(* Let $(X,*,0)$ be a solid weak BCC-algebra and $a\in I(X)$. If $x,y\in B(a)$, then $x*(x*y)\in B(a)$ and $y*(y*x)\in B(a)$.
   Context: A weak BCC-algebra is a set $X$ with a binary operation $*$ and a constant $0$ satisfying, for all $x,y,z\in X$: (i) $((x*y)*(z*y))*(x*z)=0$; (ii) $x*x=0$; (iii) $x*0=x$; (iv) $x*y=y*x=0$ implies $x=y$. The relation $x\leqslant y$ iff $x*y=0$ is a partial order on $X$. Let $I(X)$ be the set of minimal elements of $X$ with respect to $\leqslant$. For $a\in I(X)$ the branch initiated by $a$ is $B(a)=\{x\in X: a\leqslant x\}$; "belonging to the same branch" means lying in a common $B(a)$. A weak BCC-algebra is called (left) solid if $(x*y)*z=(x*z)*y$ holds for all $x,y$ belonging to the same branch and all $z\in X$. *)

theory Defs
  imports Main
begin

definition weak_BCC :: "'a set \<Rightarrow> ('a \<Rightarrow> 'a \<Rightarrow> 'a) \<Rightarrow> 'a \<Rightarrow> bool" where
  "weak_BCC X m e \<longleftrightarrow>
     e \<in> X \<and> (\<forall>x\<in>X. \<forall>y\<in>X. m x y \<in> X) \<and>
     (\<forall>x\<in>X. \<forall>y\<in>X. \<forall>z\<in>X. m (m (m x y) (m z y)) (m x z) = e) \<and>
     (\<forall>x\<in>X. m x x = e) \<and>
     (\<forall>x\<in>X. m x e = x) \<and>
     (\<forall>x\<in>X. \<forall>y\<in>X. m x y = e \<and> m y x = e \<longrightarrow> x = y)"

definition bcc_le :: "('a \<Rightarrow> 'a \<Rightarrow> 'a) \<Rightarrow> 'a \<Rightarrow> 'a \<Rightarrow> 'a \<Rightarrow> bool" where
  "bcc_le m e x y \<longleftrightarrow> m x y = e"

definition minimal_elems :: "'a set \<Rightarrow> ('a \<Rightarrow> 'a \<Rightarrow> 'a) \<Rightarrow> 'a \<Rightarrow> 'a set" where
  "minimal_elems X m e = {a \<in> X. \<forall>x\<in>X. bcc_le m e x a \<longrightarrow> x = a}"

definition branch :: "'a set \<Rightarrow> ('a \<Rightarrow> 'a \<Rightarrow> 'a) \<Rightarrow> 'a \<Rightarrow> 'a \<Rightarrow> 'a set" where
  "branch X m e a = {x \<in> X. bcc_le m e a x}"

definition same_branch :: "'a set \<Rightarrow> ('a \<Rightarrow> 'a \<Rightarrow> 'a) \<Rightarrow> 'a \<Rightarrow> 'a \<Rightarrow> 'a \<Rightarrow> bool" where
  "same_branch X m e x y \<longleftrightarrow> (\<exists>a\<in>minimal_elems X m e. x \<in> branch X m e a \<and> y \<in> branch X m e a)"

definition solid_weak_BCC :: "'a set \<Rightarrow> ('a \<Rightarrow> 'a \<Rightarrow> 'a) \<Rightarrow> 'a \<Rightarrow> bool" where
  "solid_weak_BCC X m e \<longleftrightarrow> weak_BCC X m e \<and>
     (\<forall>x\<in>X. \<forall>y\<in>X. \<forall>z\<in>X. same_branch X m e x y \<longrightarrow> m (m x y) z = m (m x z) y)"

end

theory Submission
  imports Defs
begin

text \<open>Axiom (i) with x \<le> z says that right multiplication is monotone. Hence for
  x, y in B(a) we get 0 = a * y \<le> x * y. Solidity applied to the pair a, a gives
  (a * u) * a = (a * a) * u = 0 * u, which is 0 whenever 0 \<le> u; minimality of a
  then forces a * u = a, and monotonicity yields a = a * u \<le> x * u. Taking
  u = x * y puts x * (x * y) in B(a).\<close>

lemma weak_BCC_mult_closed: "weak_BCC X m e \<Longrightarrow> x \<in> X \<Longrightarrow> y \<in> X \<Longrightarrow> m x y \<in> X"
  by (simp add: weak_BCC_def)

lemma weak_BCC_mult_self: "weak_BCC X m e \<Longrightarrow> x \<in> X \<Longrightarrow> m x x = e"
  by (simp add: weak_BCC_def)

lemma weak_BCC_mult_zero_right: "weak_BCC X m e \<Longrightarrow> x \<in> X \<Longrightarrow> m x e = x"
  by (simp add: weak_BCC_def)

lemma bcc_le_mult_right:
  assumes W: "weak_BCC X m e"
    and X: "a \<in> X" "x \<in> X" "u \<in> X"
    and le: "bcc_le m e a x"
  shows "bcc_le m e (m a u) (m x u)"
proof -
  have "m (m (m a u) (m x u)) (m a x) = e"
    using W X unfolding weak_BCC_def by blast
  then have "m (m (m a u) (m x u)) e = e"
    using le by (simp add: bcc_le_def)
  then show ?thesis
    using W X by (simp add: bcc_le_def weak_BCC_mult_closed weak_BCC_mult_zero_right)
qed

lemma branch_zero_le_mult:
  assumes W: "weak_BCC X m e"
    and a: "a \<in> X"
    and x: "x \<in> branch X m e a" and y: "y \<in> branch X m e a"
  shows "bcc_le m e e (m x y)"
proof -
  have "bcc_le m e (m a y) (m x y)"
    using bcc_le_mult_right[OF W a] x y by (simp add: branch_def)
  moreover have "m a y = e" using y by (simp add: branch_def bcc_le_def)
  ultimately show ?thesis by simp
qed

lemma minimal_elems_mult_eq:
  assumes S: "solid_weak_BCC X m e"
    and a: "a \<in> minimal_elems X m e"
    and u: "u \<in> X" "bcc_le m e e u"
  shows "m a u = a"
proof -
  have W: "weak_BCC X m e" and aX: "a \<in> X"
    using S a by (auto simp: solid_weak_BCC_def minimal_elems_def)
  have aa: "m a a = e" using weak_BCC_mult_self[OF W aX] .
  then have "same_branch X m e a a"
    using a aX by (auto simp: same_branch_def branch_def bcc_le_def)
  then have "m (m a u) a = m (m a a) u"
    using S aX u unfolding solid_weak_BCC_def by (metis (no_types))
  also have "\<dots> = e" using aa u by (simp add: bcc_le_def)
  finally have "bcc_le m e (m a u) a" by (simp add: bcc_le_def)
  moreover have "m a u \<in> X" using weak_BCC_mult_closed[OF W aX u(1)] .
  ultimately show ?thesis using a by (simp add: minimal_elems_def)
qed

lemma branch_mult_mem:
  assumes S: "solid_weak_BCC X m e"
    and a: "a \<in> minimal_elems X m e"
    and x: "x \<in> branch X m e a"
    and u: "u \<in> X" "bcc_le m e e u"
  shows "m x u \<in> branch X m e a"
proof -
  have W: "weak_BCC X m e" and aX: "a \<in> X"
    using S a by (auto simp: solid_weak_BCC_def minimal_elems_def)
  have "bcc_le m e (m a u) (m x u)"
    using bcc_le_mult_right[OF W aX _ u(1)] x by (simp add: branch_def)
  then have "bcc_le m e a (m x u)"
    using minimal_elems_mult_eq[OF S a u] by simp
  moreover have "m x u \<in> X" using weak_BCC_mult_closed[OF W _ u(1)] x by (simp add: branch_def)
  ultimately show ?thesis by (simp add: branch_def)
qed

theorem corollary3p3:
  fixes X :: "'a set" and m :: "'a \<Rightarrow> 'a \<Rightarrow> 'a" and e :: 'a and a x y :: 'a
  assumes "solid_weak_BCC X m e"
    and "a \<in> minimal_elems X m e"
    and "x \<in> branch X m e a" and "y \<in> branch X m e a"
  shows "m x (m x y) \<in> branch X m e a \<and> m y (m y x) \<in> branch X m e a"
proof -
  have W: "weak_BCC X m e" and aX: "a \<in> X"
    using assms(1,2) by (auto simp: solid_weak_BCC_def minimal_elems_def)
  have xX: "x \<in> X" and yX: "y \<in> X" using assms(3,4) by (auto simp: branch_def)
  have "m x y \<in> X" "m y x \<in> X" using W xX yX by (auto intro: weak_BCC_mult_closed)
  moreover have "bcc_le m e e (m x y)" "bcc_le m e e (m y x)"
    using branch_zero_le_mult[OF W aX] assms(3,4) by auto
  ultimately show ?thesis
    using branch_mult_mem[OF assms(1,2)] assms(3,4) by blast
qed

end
--
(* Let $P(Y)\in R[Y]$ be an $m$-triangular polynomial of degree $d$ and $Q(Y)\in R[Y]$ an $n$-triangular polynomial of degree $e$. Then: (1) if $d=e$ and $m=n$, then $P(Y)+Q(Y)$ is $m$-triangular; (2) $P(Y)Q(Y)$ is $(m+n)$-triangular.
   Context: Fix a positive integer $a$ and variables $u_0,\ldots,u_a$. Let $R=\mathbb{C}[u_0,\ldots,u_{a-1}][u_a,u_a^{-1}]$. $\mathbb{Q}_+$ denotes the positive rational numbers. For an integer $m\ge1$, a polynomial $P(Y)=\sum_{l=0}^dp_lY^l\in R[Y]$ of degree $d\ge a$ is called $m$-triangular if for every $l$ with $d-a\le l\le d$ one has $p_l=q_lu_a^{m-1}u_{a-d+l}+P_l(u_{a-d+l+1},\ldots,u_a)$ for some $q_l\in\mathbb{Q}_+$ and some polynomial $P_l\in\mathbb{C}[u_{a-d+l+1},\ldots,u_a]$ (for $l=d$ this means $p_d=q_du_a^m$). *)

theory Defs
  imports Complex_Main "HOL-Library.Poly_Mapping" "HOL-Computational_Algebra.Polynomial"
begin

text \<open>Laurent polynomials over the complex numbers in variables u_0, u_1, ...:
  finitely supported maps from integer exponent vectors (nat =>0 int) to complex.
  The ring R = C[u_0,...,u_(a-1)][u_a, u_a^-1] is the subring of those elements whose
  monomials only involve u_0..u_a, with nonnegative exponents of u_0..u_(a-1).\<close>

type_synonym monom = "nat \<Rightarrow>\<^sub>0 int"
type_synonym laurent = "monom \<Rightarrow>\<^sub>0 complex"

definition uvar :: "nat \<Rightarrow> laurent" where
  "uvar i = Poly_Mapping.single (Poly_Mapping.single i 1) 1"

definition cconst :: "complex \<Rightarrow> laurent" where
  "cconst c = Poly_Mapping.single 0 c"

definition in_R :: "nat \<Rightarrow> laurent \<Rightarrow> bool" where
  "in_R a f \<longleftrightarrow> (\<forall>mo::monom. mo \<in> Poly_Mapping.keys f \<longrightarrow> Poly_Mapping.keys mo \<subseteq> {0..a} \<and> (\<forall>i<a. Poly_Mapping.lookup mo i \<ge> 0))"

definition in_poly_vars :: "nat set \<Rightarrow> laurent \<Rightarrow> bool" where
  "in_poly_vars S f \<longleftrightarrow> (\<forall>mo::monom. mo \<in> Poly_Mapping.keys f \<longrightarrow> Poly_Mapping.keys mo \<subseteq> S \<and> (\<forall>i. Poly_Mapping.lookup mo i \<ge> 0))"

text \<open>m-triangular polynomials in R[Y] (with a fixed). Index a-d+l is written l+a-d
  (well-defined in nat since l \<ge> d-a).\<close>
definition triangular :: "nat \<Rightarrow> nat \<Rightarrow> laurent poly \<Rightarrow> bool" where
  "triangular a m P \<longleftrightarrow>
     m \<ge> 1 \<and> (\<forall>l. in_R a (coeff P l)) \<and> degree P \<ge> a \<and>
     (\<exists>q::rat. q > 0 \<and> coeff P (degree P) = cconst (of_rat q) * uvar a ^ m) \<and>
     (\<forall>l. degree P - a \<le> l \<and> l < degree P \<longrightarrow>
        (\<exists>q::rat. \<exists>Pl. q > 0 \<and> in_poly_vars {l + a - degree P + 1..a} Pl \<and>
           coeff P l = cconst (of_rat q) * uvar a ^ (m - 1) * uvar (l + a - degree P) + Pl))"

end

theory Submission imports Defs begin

- [ASSIGNMENT]
Exact duplication is required for the lines above, from the line that contains "X. \<forall>x\<in>X. bcc_le" to the line that contains "y \<longleftrightarrow> (\<exists>a\<in>minimal_elems", inclusive; omit all others.

- [REPLY TO THE EXERCISE]
  "minimal_elems X m e = {a \<in> X. \<forall>x\<in>X. bcc_le m e x a \<longrightarrow> x = a}"

definition branch :: "'a set \<Rightarrow> ('a \<Rightarrow> 'a \<Rightarrow> 'a) \<Rightarrow> 'a \<Rightarrow> 'a \<Rightarrow> 'a set" where
  "branch X m e a = {x \<in> X. bcc_le m e a x}"

definition same_branch :: "'a set \<Rightarrow> ('a \<Rightarrow> 'a \<Rightarrow> 'a) \<Rightarrow> 'a \<Rightarrow> 'a \<Rightarrow> 'a \<Rightarrow> bool" where
  "same_branch X m e x y \<longleftrightarrow> (\<exists>a\<in>minimal_elems X m e. x \<in> branch X m e a \<and> y \<in> branch X m e a)"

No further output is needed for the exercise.